Syntax Differences You'll Actually Hit
Most everyday SQL is identical. The differences cluster around schema, types, and a few built-in functions:
-- Auto-incrementing primary key
-- SQLite:
CREATE TABLE users (id INTEGER PRIMARY KEY AUTOINCREMENT, name TEXT);
-- Postgres:
CREATE TABLE users (id SERIAL PRIMARY KEY, name TEXT);
-- or, modern Postgres:
CREATE TABLE users (id INTEGER GENERATED ALWAYS AS IDENTITY PRIMARY KEY, name TEXT);
-- Current timestamp
-- SQLite: CURRENT_TIMESTAMP (returns text)
-- Postgres: NOW() (returns timestamp)
-- Boolean type
-- SQLite: no real BOOLEAN; use INTEGER 0/1
-- Postgres: BOOLEAN with TRUE/FALSE
If you develop on SQLite and deploy on Postgres, it pays to keep an ORM or a migration tool between you and the raw SQL — otherwise these differences leak into your app.
Performance, Honestly
"Faster" depends on the question. For a single process doing reads and small writes, SQLite is hard to beat — there's no network hop, no protocol parsing, no client connection. For benchmarks with one client, SQLite often outruns Postgres on simple queries.
Add concurrent writers, large datasets that need parallel query execution, or complex query plans that benefit from Postgres's mature planner, and Postgres takes the lead. Postgres also scales vertically (bigger machines, more cores) in ways SQLite simply isn't designed for.
The honest summary: SQLite is fast for what it's for. Postgres is fast for what it's for. Pick based on workload shape, not benchmark headlines.
A Quick Decision Guide
Reach for SQLite when:
- The data lives next to one application — desktop, mobile, embedded, CLI tool.

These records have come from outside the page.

(* Let $\mathcal{M}=(K,G,A,(\gamma')_{\gamma\in\Gamma},(\delta')_{\delta\in\Delta})$ be a model of $T$ and let $K'=\mathbb{Q}\big(\{\operatorname{Re}(\gamma'\delta'):\gamma\in\Gamma,\delta\in\Delta\}\big)^{\mathrm{rc}}\subseteq K$. Then $\lambda((K')^{>0})=\Delta'$.
   Context: $T$ is the theory of structures $(K,G,A,(\gamma')_{\gamma\in\Gamma},(\delta')_{\delta\in\Delta})$ (for a fixed finite rank $\Gamma\le\mathbb{S}^1$ and $\Delta=\varepsilon^{\mathbb{Z}}$, real $\varepsilon>1$) with $K$ real closed, $A\le K^{>0}$ having $\varepsilon'$ as least element $>1$, $G$ a dense subgroup of $\mathbb{S}^1(K)$, for all $k\in K^{>0}$ some $a\in A$ with $a\le k<a\varepsilon'$, $\gamma\mapsto\gamma'$ and $\delta\mapsto\delta'$ homomorphisms into $G$ and $A$, the orientation axioms (for all $Q\in\mathbb{Z}[x_1,\dots,x_n]$, $Q(\operatorname{Re}(\gamma_1'\delta_1'),\dots)>0$ in $K$ iff $Q(\operatorname{Re}(\gamma_1\delta_1),\dots)>0$ in $\mathbb{R}$), the Mann axioms, and torsion of $G$ equal to the image of torsion of $\Gamma$. $F^{\mathrm{rc}}$ is the real closure inside $K$. $\lambda:K^{>0}\to A$ sends $k$ to the unique $a\in A$ with $a\le k<a\varepsilon'$; $\Delta'=\{\delta':\delta\in\Delta\}$. *)

theory Defs
  imports Complex_Main "HOL-Computational_Algebra.Polynomial"
begin
lemma opnorm_sq_le:
  assumes "\<And>x. (norm (M *v x))\<^sup>2 \<le> b * (norm x)\<^sup>2"
  shows "(opnorm M)\<^sup>2 \<le> b"
proof -
  have "opnorm M \<le> sqrt b"
    unfolding opnorm_def
  proof (rule onorm_le)
    fix x
    show "norm (M *v x) \<le> sqrt b * norm x"
      using real_sqrt_le_mono[OF assms[of x]] by (simp add: real_sqrt_mult)
  qed
  moreover have "0 \<le> b"
    using order_trans[OF opnorm_nonneg calculation] by simp
  ultimately show ?thesis
    using power_mono[OF _ opnorm_nonneg, of M "sqrt b" 2] by simp
qed

lemma norm_column_le_opnorm: "norm (column j M) \<le> opnorm M"
  using norm_mult_vector_le_opnorm[of M "axis j 1"] by (simp add: matrix_vector_mult_axis norm_axis)

lemma opnorm_column_matrix: "opnorm (column_matrix j a) = norm a"
proof (rule antisym)
  show "opnorm (column_matrix j a) \<le> norm a"
    unfolding opnorm_def column_matrix_mult_vector
  proof (rule onorm_le)
    fix x :: "complex^2"
    have "norm (x$j) * norm a \<le> norm x * norm a"
      by (intro mult_right_mono Finite_Cartesian_Product.norm_nth_le norm_ge_zero)
    then show "norm (x$j *s a) \<le> norm a * norm x"
      by (simp add: norm_smult_vec mult.commute)
  qed
  show "norm a \<le> opnorm (column_matrix j a)"
    using norm_column_le_opnorm[of j "column_matrix j a"]
    by (simp add: column_def column_matrix_def vec_lambda_eta)
qed

lemma cmod_cinner_column_le: "cmod (cinner a (column j Y)) \<le> norm a * opnorm Y"
proof -
  have "cmod (cinner a (column j Y)) \<le> norm a * norm (column j Y)"
    by (rule norm_cinner_le)
  also have "\<dots> \<le> norm a * opnorm Y"
    by (intro mult_left_mono norm_column_le_opnorm norm_ge_zero)
  finally show ?thesis .
qed

lemma opnorm_pos_if_cinner_column_nz:
  assumes "cinner a (column j Y) \<noteq> 0"
  shows "0 < opnorm Y"
proof -
  have "0 < norm a * opnorm Y"
    using cmod_cinner_column_le[of a j Y] assms by (meson less_le_trans zero_less_norm_iff)
  then show ?thesis
    using opnorm_nonneg[of Y] by (simp add: zero_less_mult_iff)
qed

lemma norm_column_matrix_add_cscale_mult_sq:
  "(norm ((column_matrix j a + cscale l Y) *v x))\<^sup>2
    = (cmod (x$j))\<^sup>2 * (norm a)\<^sup>2 + 2 * Re (cnj (x$j) * l * cinner a (Y *v x))
      + (cmod l)\<^sup>2 * (norm (Y *v x))\<^sup>2"
proof -
  have "(norm ((column_matrix j a + cscale l Y) *v x))\<^sup>2
      = (norm (x$j *s a))\<^sup>2 + 2 * Re (cinner (x$j *s a) (l *s (Y *v x))) + (norm (l *s (Y *v x)))\<^sup>2"
    by (simp only: matrix_vector_mult_add_rdistrib column_matrix_mult_vector cscale_mult_vector
        norm_add_sq_cinner)
  then show ?thesis
    by (simp only: cinner_scale_left cinner_scale_right norm_smult_vec power_mult_distrib mult_ac)
qed
theorem theorem1:
  fixes N T :: nat and \<alpha> :: real
  assumes "N \<ge> 2" and "0 < \<alpha>" and "\<alpha> < 1" and "\<alpha> * real T \<in> \<int>"
  shows "\<forall>u<N. \<exists>\<sigma>. feasible N T \<alpha> \<sigma> \<and>
           (\<forall>\<sigma>'. feasible N T \<alpha> \<sigma>' \<longrightarrow> avg_age N T \<sigma>' \<le> avg_age N T \<sigma>) \<and>
           (\<forall>i<N. \<forall>t\<in>{1..T}. \<sigma> i t = 0 \<longrightarrow> i = u) \<and>
           (\<exists>a b. {t\<in>{1..T}. \<sigma> u t = 0} = {a..<b})"
proof (intro allI impI)
  fix u assume "u < N"
  define q where "q = 1 - 1 / real N"
  have q: "0 \<le> q" "q \<le> 1"
    using assms(1) by (simp_all add: q_def)
  obtain K where K: "real K = \<alpha> * real T" "K \<le> T - 1"
    using blocking_budget[OF assms(2-4)] by blast
  obtain p where p: "p + K \<le> T - 1" and opt: "\<And>bs. length bs = T - 1 \<Longrightarrow> count_list bs True \<le> K
      \<Longrightarrow> age_profile q bs \<le> age_profile q (interval_mask (T - 1) p K)"
    using interval_mask_maximizes_age_profile[OF q K(2)] by blast
  let ?\<sigma> = "single_block u (Suc p) (Suc (p + K))"
  have "avg_age N T \<sigma>' \<le> avg_age N T ?\<sigma>" if "feasible N T \<alpha> \<sigma>'" for \<sigma>'
    using sum_age_profiles_le_single_block[OF that K(1) \<open>u < N\<close> q opt] assms(1)
    by (simp add: avg_age_eq_sum_age_profiles q_def divide_right_mono)
  moreover have "feasible N T \<alpha> ?\<sigma>"
    using \<open>u < N\<close> p K by (intro feasible_single_block) auto
  moreover have "{t\<in>{1..T}. ?\<sigma> u t = 0} = {Suc p..<Suc (p + K)}"
    using p by (auto simp: single_block_def)
  ultimately show "\<exists>\<sigma>. feasible N T \<alpha> \<sigma> \<and>
           (\<forall>\<sigma>'. feasible N T \<alpha> \<sigma>' \<longrightarrow> avg_age N T \<sigma>' \<le> avg_age N T \<sigma>) \<and>
           (\<forall>i<N. \<forall>t\<in>{1..T}. \<sigma> i t = 0 \<longrightarrow> i = u) \<and>
           (\<exists>a b. {t\<in>{1..T}. \<sigma> u t = 0} = {a..<b})"
    by (intro exI[of _ ?\<sigma>]) (auto simp: single_block_def)
qed

end
(* Let $x,k,r$ be positive integers with $x>1$, and let $p$ be a prime, such that $x^3 + (x+1)^3 + \cdots + (x+k-1)^3 = p^{2r}$. If $k$ is even, then $2x+k-1 = p^t$ for some integer $t$ with $0<t<2r$. If $k$ is odd, then $2x+k-1 = 2p^t$ for some integer $t$ with $0<t<2r$. *)

theory Defs
  imports "HOL-Computational_Algebra.Primes"
begin

end

theory Submission
  imports Defs
begin

(* With N = 2x + k - 1, a sum S of k consecutive cubes starting at x satisfies
   8 S = k N (N^2 + k^2 - 1), and for odd k = 2b + 1 this becomes S = k M (M^2 + b(b + 1))
   with M = x + b = N / 2.  So if S is a power of p, then N (odd when k is even, hence coprime
   to 8) respectively M divides that power; since the cofactor grows at least like N^2,
   it is a proper nontrivial divisor, i.e. p^t with 0 < t < 2r. *)

lemma sum_cubes_consecutive:
  fixes x j :: nat
  shows "8 * (\<Sum>i<Suc j. (x + i) ^ 3) = Suc j * (2 * x + j) * ((2 * x + j)\<^sup>2 + j * (j + 2))"
proof (induction j)
  case 0
  then show ?case by (simp add: power3_eq_cube power2_eq_square)
next
  case (Suc j)
  have "8 * (\<Sum>i<Suc (Suc j). (x + i) ^ 3) = 8 * (\<Sum>i<Suc j. (x + i) ^ 3) + 8 * (x + Suc j) ^ 3"
    by simp
  also have "\<dots> = Suc j * (2 * x + j) * ((2 * x + j)\<^sup>2 + j * (j + 2)) + 8 * (x + Suc j) ^ 3"
    using Suc by simp
  also have "\<dots> = Suc (Suc j) * (2 * x + Suc j) * ((2 * x + Suc j)\<^sup>2 + Suc j * (Suc j + 2))"
    by (simp add: power3_eq_cube power2_eq_square algebra_simps)
  finally show ?case .
qed

lemma sum_cubes_odd_length:
  fixes x b :: nat
  shows "(\<Sum>i<Suc (2 * b). (x + i) ^ 3) = Suc (2 * b) * (x + b) * ((x + b)\<^sup>2 + b * (b + 1))"
proof -
  have "8 * (\<Sum>i<Suc (2 * b). (x + i) ^ 3) = Suc (2 * b) * (2 * (x + b)) * ((2 * (x + b))\<^sup>2 + 2 * b * (2 * b + 2))"
    using sum_cubes_consecutive[of x "2 * b"] by (simp add: algebra_simps)
  also have "\<dots> = 8 * (Suc (2 * b) * (x + b) * ((x + b)\<^sup>2 + b * (b + 1)))"
    by (simp add: power2_eq_square algebra_simps)
  finally show ?thesis by simp
qed

lemma proper_divisor_of_prime_power:
  fixes p m n :: nat
  assumes "prime p" and "m dvd p ^ n" and "1 < m" and "m < p ^ n"
  shows "\<exists>t. 0 < t \<and> t < n \<and> m = p ^ t"
proof -
  obtain t where "t \<le> n" and m: "m = p ^ t"
    using assms(1,2) divides_primepow_nat by blast
  have "t \<noteq> 0" using m assms(3) by (metis less_irrefl power_0)
  moreover have "t < n"
    using m assms(4) power_less_imp_less_exp prime_gt_1_nat[OF assms(1)] by blast
  ultimately show ?thesis using m by blast
qed

lemma even_number_of_cubes_prime_power:
  fixes x b n p :: nat
  assumes "prime p" and "0 < x" and "0 < b" and "(\<Sum>i<2 * b. (x + i) ^ 3) = p ^ n"
  shows "\<exists>t. 0 < t \<and> t < n \<and> 2 * x + 2 * b - 1 = p ^ t"
proof -
  obtain j where j: "2 * b = Suc j" using assms(3) by (cases "2 * b") auto
  define N where "N = 2 * x + j"
  have N_eq: "2 * x + 2 * b - 1 = N" using j N_def by simp
  have identity: "2 * b * N * (N\<^sup>2 + j * (j + 2)) = 8 * p ^ n"
    using sum_cubes_consecutive[of x j] assms(4) j by (simp add: N_def)
  have "odd j" using j by presburger
  then have "odd N" by (simp add: N_def)
  have N3: "N \<ge> 3" using assms(2) \<open>odd j\<close> N_def by (cases j) auto
  have "coprime N 8"
    using \<open>odd N\<close> coprime_power_right_iff[of N 2 3] by simp
  moreover have "N dvd 8 * p ^ n"
    using identity by (metis dvd_mult dvd_mult2 dvd_refl)
  ultimately have "N dvd p ^ n" using coprime_dvd_mult_right_iff by blast
  have "2 * N * N\<^sup>2 \<le> 2 * b * N * (N\<^sup>2 + j * (j + 2))"
    using assms(3) by (intro mult_mono) auto
  then have "2 * (N * N\<^sup>2) \<le> 8 * p ^ n" unfolding identity by (simp only: mult.assoc)
  then have "N * N\<^sup>2 \<le> 4 * p ^ n" by linarith
  moreover have "9 * N \<le> N * N\<^sup>2"
    using N3 power_mono[of 3 N 2] by simp
  ultimately have "N < p ^ n" using N3 by linarith
  then show ?thesis
    using proper_divisor_of_prime_power[OF assms(1) \<open>N dvd p ^ n\<close>] N3 N_eq by simp
qed

lemma odd_number_of_cubes_prime_power:
  fixes x b n p :: nat
  assumes "prime p" and "1 < x" and "(\<Sum>i<Suc (2 * b). (x + i) ^ 3) = p ^ n"
  shows "\<exists>t. 0 < t \<and> t < n \<and> x + b = p ^ t"
proof -
  define M where "M = x + b"
  have identity: "Suc (2 * b) * M * (M\<^sup>2 + b * (b + 1)) = p ^ n"
    using sum_cubes_odd_length[of x b] assms(3) by (simp add: M_def)
  have M2: "M \<ge> 2" using assms(2) M_def by simp
  have "M dvd p ^ n" using identity by (metis dvd_mult dvd_mult2 dvd_refl)
  have "M * M\<^sup>2 \<le> Suc (2 * b) * M * (M\<^sup>2 + b * (b + 1))"
    by (intro mult_mono) auto
  moreover have "2 * M \<le> M * M\<^sup>2"
    using M2 power_mono[of 2 M 2] by simp
  ultimately have "M < p ^ n" using identity M2 by linarith
  then show ?thesis
    using proper_divisor_of_prime_power[OF assms(1) \<open>M dvd p ^ n\<close>] M2 M_def by simp
qed

theorem mainTheorem3:
  fixes x k r p :: nat
  assumes "x > 1" and "k > 0" and "r > 0" and "prime p"
    and "(\<Sum>i<k. (x + i) ^ 3) = p ^ (2 * r)"
  shows "(even k \<longrightarrow> (\<exists>t::nat. 0 < t \<and> t < 2 * r \<and> 2 * x + k - 1 = p ^ t))
       \<and> (odd k \<longrightarrow> (\<exists>t::nat. 0 < t \<and> t < 2 * r \<and> 2 * x + k - 1 = 2 * p ^ t))"
proof (intro conjI impI)
  assume "even k"
  then obtain b where "k = 2 * b" by blast
  then show "\<exists>t. 0 < t \<and> t < 2 * r \<and> 2 * x + k - 1 = p ^ t"
    using even_number_of_cubes_prime_power[of p x b "2 * r"] assms by simp
next
  assume "odd k"
  then obtain b where k: "k = Suc (2 * b)" using oddE by fastforce
  have "2 * x + k - 1 = 2 * (x + b)" using k by simp
  moreover have "\<exists>t. 0 < t \<and> t < 2 * r \<and> x + b = p ^ t"
    using odd_number_of_cubes_prime_power[of p x b "2 * r"] assms k by simp
  ultimately show "\<exists>t. 0 < t \<and> t < 2 * r \<and> 2 * x + k - 1 = 2 * p ^ t"
    by auto
qed

end
text \<open>The excess target risk is convex in the label distribution while the surrogate side is
  linear, so a linear bound at the vertices of a polytope holds on all of it.\<close>
lemma linear_bound_convex_hull:
  fixes ell :: "'r::finite \<Rightarrow> 'y::finite \<Rightarrow> real"
  assumes vertices: "\<And>q. q \<in> V \<Longrightarrow>
      cond_risk q ell r - bayes_risk UNIV ell q \<le> c * (cond_risk q L u - cond_risk q L s)"
    and "p \<in> convex hull V"
  shows "cond_risk p ell r - bayes_risk UNIV ell p \<le> c * (cond_risk p L u - cond_risk p L s)"
proof -
  define f where "f p = cond_risk p ell r - bayes_risk UNIV ell p - c * (cond_risk p L u - cond_risk p L s)"
    for p
  have "convex_on (convex hull V) f"
  proof (rule convex_onI)
    fix t :: real and x y assume "0 < t" "t < 1"
    then have "(1 - t) * bayes_risk UNIV ell x + t * bayes_risk UNIV ell y
        \<le> bayes_risk UNIV ell ((1 - t) *\<^sub>R x + t *\<^sub>R y)"
      using concave_on_bayes_risk[of UNIV ell] unfolding concave_on_iff by simp
    then show "f ((1 - t) *\<^sub>R x + t *\<^sub>R y) \<le> (1 - t) * f x + t * f y"
      unfolding f_def cond_risk_add cond_risk_scaleR by (simp add: algebra_simps)
  qed (rule convex_convex_hull)
  then have "f p \<le> 0"
    using convex_on_convex_hull_bound[of V f 0] vertices assms(2) unfolding f_def by force
  then show ?thesis unfolding f_def by simp
qed

lemma common_linear_bound:
  fixes ell :: "'r::finite \<Rightarrow> 'y::finite \<Rightarrow> real" and L :: "'a \<Rightarrow> 'y \<Rightarrow> real"
  assumes "finite Q" "Q \<subseteq> label_simplex"
    and Bayes_S: "\<And>p u. 0 \<le> p \<Longrightarrow> bayes_risk S L p \<le> cond_risk p L u"
    and ell_nonneg: "\<And>r y. 0 \<le> ell r y"
    and calibrated: "\<And>q. q \<in> Q \<Longrightarrow> calibrated_at L S \<psi> ell q"
  shows "\<exists>c>0. \<forall>q\<in>Q. \<forall>u.
    cond_risk q ell (\<psi> u) - bayes_risk UNIV ell q \<le> c * (cond_risk q L u - bayes_risk S L q)"
proof -
  have "\<forall>q\<in>Q. \<exists>c>0. \<forall>u.
      cond_risk q ell (\<psi> u) - bayes_risk UNIV ell q \<le> c * (cond_risk q L u - bayes_risk S L q)"
  proof
    fix q assume "q \<in> Q"
    then have "0 \<le> q" using \<open>Q \<subseteq> label_simplex\<close> unfolding label_simplex_def by auto
    from linear_bound_of_calibrated[OF calibrated[OF \<open>q \<in> Q\<close>] this Bayes_S[OF this] ell_nonneg]
    show "\<exists>c>0. \<forall>u. cond_risk q ell (\<psi> u) - bayes_risk UNIV ell q
        \<le> c * (cond_risk q L u - bayes_risk S L q)" by metis
  qed
  then obtain c' where c': "\<And>q u. q \<in> Q \<Longrightarrow>
      cond_risk q ell (\<psi> u) - bayes_risk UNIV ell q \<le> c' q * (cond_risk q L u - bayes_risk S L q)"
    by metis
  define c where "c = Max (insert 1 (c' ` Q))"
  have "1 \<le> c" unfolding c_def using \<open>finite Q\<close> by (intro Max_ge) auto
  moreover have "cond_risk q ell (\<psi> u) - bayes_risk UNIV ell q \<le> c * (cond_risk q L u - bayes_risk S L q)"
    if "q \<in> Q" for q u
  proof -
    have "0 \<le> q" using that \<open>Q \<subseteq> label_simplex\<close> unfolding label_simplex_def by auto
    then have "c' q * (cond_risk q L u - bayes_risk S L q) \<le> c * (cond_risk q L u - bayes_risk S L q)"
      unfolding c_def using \<open>finite Q\<close> that Bayes_S by (intro mult_right_mono) auto
    then show ?thesis using c'[OF that, of u] by simp
  qed
  ultimately show ?thesis by (intro exI[of _ c]) auto
qed

text \<open>The optimality cells of the finitely many representatives are polytopes covering the
  simplex; calibration at their finitely many vertices gives one constant for all of them.\<close>
lemma uniform_linear_bound:
  fixes ell :: "'r::finite \<Rightarrow> 'y::finite \<Rightarrow> real" and L :: "'a \<Rightarrow> 'y \<Rightarrow> real"
  assumes "finite S" "S \<noteq> {}"
    and Bayes_S: "\<And>p u. 0 \<le> p \<Longrightarrow> bayes_risk S L p \<le> cond_risk p L u"
    and ell_nonneg: "\<And>r y. 0 \<le> ell r y"
    and calibrated: "\<And>p. p \<in> label_simplex \<Longrightarrow> calibrated_at L S \<psi> ell p"
  shows "\<exists>c>0. \<forall>p\<in>label_simplex. \<forall>u.
    cond_risk p ell (\<psi> u) - bayes_risk UNIV ell p \<le> c * (cond_risk p L u - bayes_risk S L p)"
proof -
  define cell where "cell s = {p \<in> label_simplex. \<forall>k\<in>S. cond_risk p L s \<le> cond_risk p L k}" for s
  have "\<forall>s\<in>S. \<exists>V. finite V \<and> cell s = convex hull V"
    using polytope_optimality_cell[OF \<open>finite S\<close>] unfolding cell_def polytope_def by blast
  then obtain V where V: "\<And>s. s \<in> S \<Longrightarrow> finite (V s) \<and> cell s = convex hull V s"
    by metis
  define Q where "Q = (\<Union>s\<in>S. V s)"
  have vertex_cell: "q \<in> cell s" if "s \<in> S" "q \<in> V s" for s q
    using V[OF that(1)] hull_inc[OF that(2)] by simp
  have "finite Q" "Q \<subseteq> label_simplex"
    unfolding Q_def using V \<open>finite S\<close> vertex_cell unfolding cell_def by auto
  moreover have "\<And>q. q \<in> Q \<Longrightarrow> calibrated_at L S \<psi> ell q"
    using calibrated \<open>Q \<subseteq> label_simplex\<close> by blast
  ultimately obtain c where "0 < c" and vertex_bound: "\<And>q u. q \<in> Q \<Longrightarrow>
      cond_risk q ell (\<psi> u) - bayes_risk UNIV ell q \<le> c * (cond_risk q L u - bayes_risk S L q)"
    using common_linear_bound[where ell = ell and \<psi> = \<psi>, OF _ _ Bayes_S ell_nonneg] by meson
  have "cond_risk p ell (\<psi> u) - bayes_risk UNIV ell p \<le> c * (cond_risk p L u - bayes_risk S L p)"
    if "p \<in> label_simplex" for p u
  proof -
    obtain s where s: "s \<in> S" "bayes_risk S L p = cond_risk p L s"
      by (rule bayes_risk_attained[OF \<open>finite S\<close> \<open>S \<noteq> {}\<close>])
    have "p \<in> cell s"
      unfolding cell_def using that bayes_risk_le[OF \<open>finite S\<close>, of _ L p] by (auto simp flip: s(2))
    have "cond_risk q ell (\<psi> u) - bayes_risk UNIV ell q \<le> c * (cond_risk q L u - cond_risk q L s)"
      if "q \<in> V s" for q
    proof -
      have "q \<in> Q" "q \<in> cell s" using s(1) that vertex_cell unfolding Q_def by auto
      then have "bayes_risk S L q = cond_risk q L s"
        unfolding cell_def by (auto intro: bayes_risk_eqI[OF \<open>finite S\<close> s(1)])
      then show ?thesis using vertex_bound[OF \<open>q \<in> Q\<close>, of u] by simp
    qed
    moreover have "p \<in> convex hull V s" using \<open>p \<in> cell s\<close> V[OF s(1)] by simp
    ultimately show ?thesis unfolding s(2) by (rule linear_bound_convex_hull)
  qed
  with \<open>0 < c\<close> show ?thesis by blast
qed

lemma linear_bound_nonneg_weights:
  fixes ell :: "'r::finite \<Rightarrow> 'y::finite \<Rightarrow> real"
  assumes "finite S" "S \<noteq> {}"
    and simplex_bound: "\<And>p u. p \<in> label_simplex \<Longrightarrow>
      cond_risk p ell (\<psi> u) - bayes_risk UNIV ell p \<le> c * (cond_risk p L u - bayes_risk S L p)"
    and "0 \<le> w"
  shows "cond_risk w ell (\<psi> u) + c * bayes_risk S L w \<le> bayes_risk UNIV ell w + c * cond_risk w L u"
proof -
  define t where "t = sum (($) w) UNIV"
  have "0 \<le> t" unfolding t_def using \<open>0 \<le> w\<close> by (simp add: less_eq_vec_def sum_nonneg)
  show ?thesis
  proof (cases "t = 0")
    case True
    then have "w = 0"
      using \<open>0 \<le> w\<close> unfolding t_def by (simp add: less_eq_vec_def sum_nonneg_eq_0_iff vec_eq_iff)
    then show ?thesis using \<open>S \<noteq> {}\<close> by (simp add: bayes_risk_zero cond_risk_def)
  next
    case False
    define p where "p = (1 / t) *\<^sub>R w"
    have w: "w = t *\<^sub>R p" unfolding p_def using False by simp
    have "p \<in> label_simplex"
      unfolding label_simplex_def p_def using \<open>0 \<le> w\<close> \<open>0 \<le> t\<close> False
      by (auto simp: less_eq_vec_def t_def simp flip: sum_divide_distrib)
    then have "t * (cond_risk p ell (\<psi> u) - bayes_risk UNIV ell p)
        \<le> t * (c * (cond_risk p L u - bayes_risk S L p))"
      using simplex_bound \<open>0 \<le> t\<close> by (simp add: mult_left_mono)
    then show ?thesis
      unfolding w cond_risk_scaleR
      by (simp add: bayes_risk_scaleR assms(1,2) \<open>0 \<le> t\<close> algebra_simps)
  qed
qed

section \<open>Consistency implies calibration\<close>

lemma measurable_pair_count_space:
  fixes f :: "'x \<Rightarrow> 'y::countable \<Rightarrow> 'b"
  assumes "\<And>y. (\<lambda>x. f x y) \<in> measurable M N"
  shows "(\<lambda>z. f (fst z) (snd z)) \<in> measurable (M \<Otimes>\<^sub>M count_space UNIV) N"
  using measurable_compose[OF measurable_fst assms]
  by (rule measurable_compose_countable'[where g = snd and I = UNIV]) auto
lemma shift_rate_le_max_rate:
  "is_pmf2 P \<Longrightarrow> v \<in> shift_weights P y' \<Longrightarrow> shift_rate P y' v \<le> max_rate P"
  unfolding max_rate_def
  by (rule cSup_upper[OF _ bdd_above_shift_rates]) (auto simp: shift_rates_def)

lemma exists_pos_shift_rate:
  assumes pmf: "is_pmf2 P" and gap: "pc_X P < pc_XgY P"
  shows "\<exists>v \<in> shift_weights P y'. 0 < shift_rate P y' v"
proof -
  define S where "S = {y. y \<noteq> y' \<and> 0 < qY P y}"
  define s where "s = (\<Sum>y\<in>S. qY P y)"
  have witness_in_S: "\<exists>y\<in>S. P x y < col_max P y" if "x \<in> argmax_col P y'" for x
  proof -
    obtain y where "0 < qY P y" "P x y < col_max P y"
      using no_input_maximises_all_columns[OF pmf gap] by blast
    moreover then have "y \<noteq> y'" using that by (auto simp: argmax_col_def)
    ultimately show ?thesis by (auto simp: S_def)
  qed
  obtain y1 where "y1 \<in> S" using witness_in_S argmax_col_nonempty by blast
  then have s_pos: "0 < s"
    unfolding s_def using member_le_sum[of y1 S "qY P"] qY_nonneg[OF pmf] by (fastforce simp: S_def)
  define v where "v y = (if y \<in> S then 1 / s else 0)" for y
  have v_nonneg: "0 \<le> v y" for y using s_pos by (simp add: v_def)
  have "(\<Sum>y\<in>UNIV. qY P y * v y) = (\<Sum>y\<in>S. qY P y / s)"
    unfolding v_def by (simp add: if_distrib sum.If_cases)
  also have "\<dots> = 1" using s_pos by (simp add: s_def sum_divide_distrib[symmetric])
  finally have v_weights: "v \<in> shift_weights P y'"
    using v_nonneg unfolding shift_weights_def by (auto simp: v_def S_def)
  obtain x where x: "x \<in> argmax_col P y'"
    and rate: "shift_rate P y' v = (\<Sum>y\<in>UNIV. v y * (col_max P y - P x y))"
    using shift_rate_attained by blast
  obtain y2 where y2: "y2 \<in> S" "P x y2 < col_max P y2" using witness_in_S[OF x] by blast
  have terms_nonneg: "0 \<le> v y * (col_max P y - P x y)" for y
    using v_nonneg col_max_ge[of P x y] by simp
  have "0 < v y2 * (col_max P y2 - P x y2)" using y2 s_pos by (simp add: v_def)
  also have "\<dots> \<le> shift_rate P y' v"
    unfolding rate by (rule member_le_sum) (use terms_nonneg in auto)
  finally show ?thesis using v_weights by blast
qed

- Writes come from a single process or a small number of processes.
- You want zero-configuration deployment.
- You're prototyping and want to focus on the schema, not on infrastructure.
Reach for Postgres when:
- Multiple application servers or workers write to the database.
- You need network access from many clients.
- You need advanced features: roles, replication, GIS, custom types, stored procedures.
- The data is the durable, central store of a production service.
A common path: start a small project on SQLite, switch to Postgres if and when traffic shape demands it. The migration isn't free, but it's a known operation — and most projects never need it.
Next: When SQLite Is the Right Choice
The comparison above gives you the trade-offs. The next page goes deeper on the positive case for SQLite — the workloads where it's not just good enough but actually the better tool, and the warning signs that mean you've outgrown it.
Frequently Asked Questions
What's the main difference between SQLite and Postgres?
SQLite is an embedded library that reads and writes a single file in your app's process. PostgreSQL is a separate server you connect to over the network. That one architectural difference drives almost every other comparison — concurrency, deployment, types, and tooling all flow from it.
Is SQLite faster than Postgres?
For single-process reads and small writes, often yes — SQLite has no network round-trip and no client/server protocol overhead. For concurrent writes from many clients, Postgres pulls ahead because of its row-level locking and MVCC. 'Faster' really depends on the workload, not the engine.
Can I use SQLite in production?
Yes, for the right shape of workload. SQLite happily runs websites, desktop apps, and embedded devices in production. The cutoff is concurrent writers: if many processes need to write at the same time, Postgres handles that natively while SQLite serializes writes. WAL mode helps but doesn't eliminate the limit.
How do I migrate from SQLite to Postgres?
Export your schema and data with sqlite3 mydb.db .dump, then adjust the SQL — AUTOINCREMENT becomes SERIAL or GENERATED AS IDENTITY, type names change, and a few SQLite quirks like loose typing need cleanup. Tools like pgloader automate most of it. Plan to rewrite anything that relied on SQLite's flexible typing.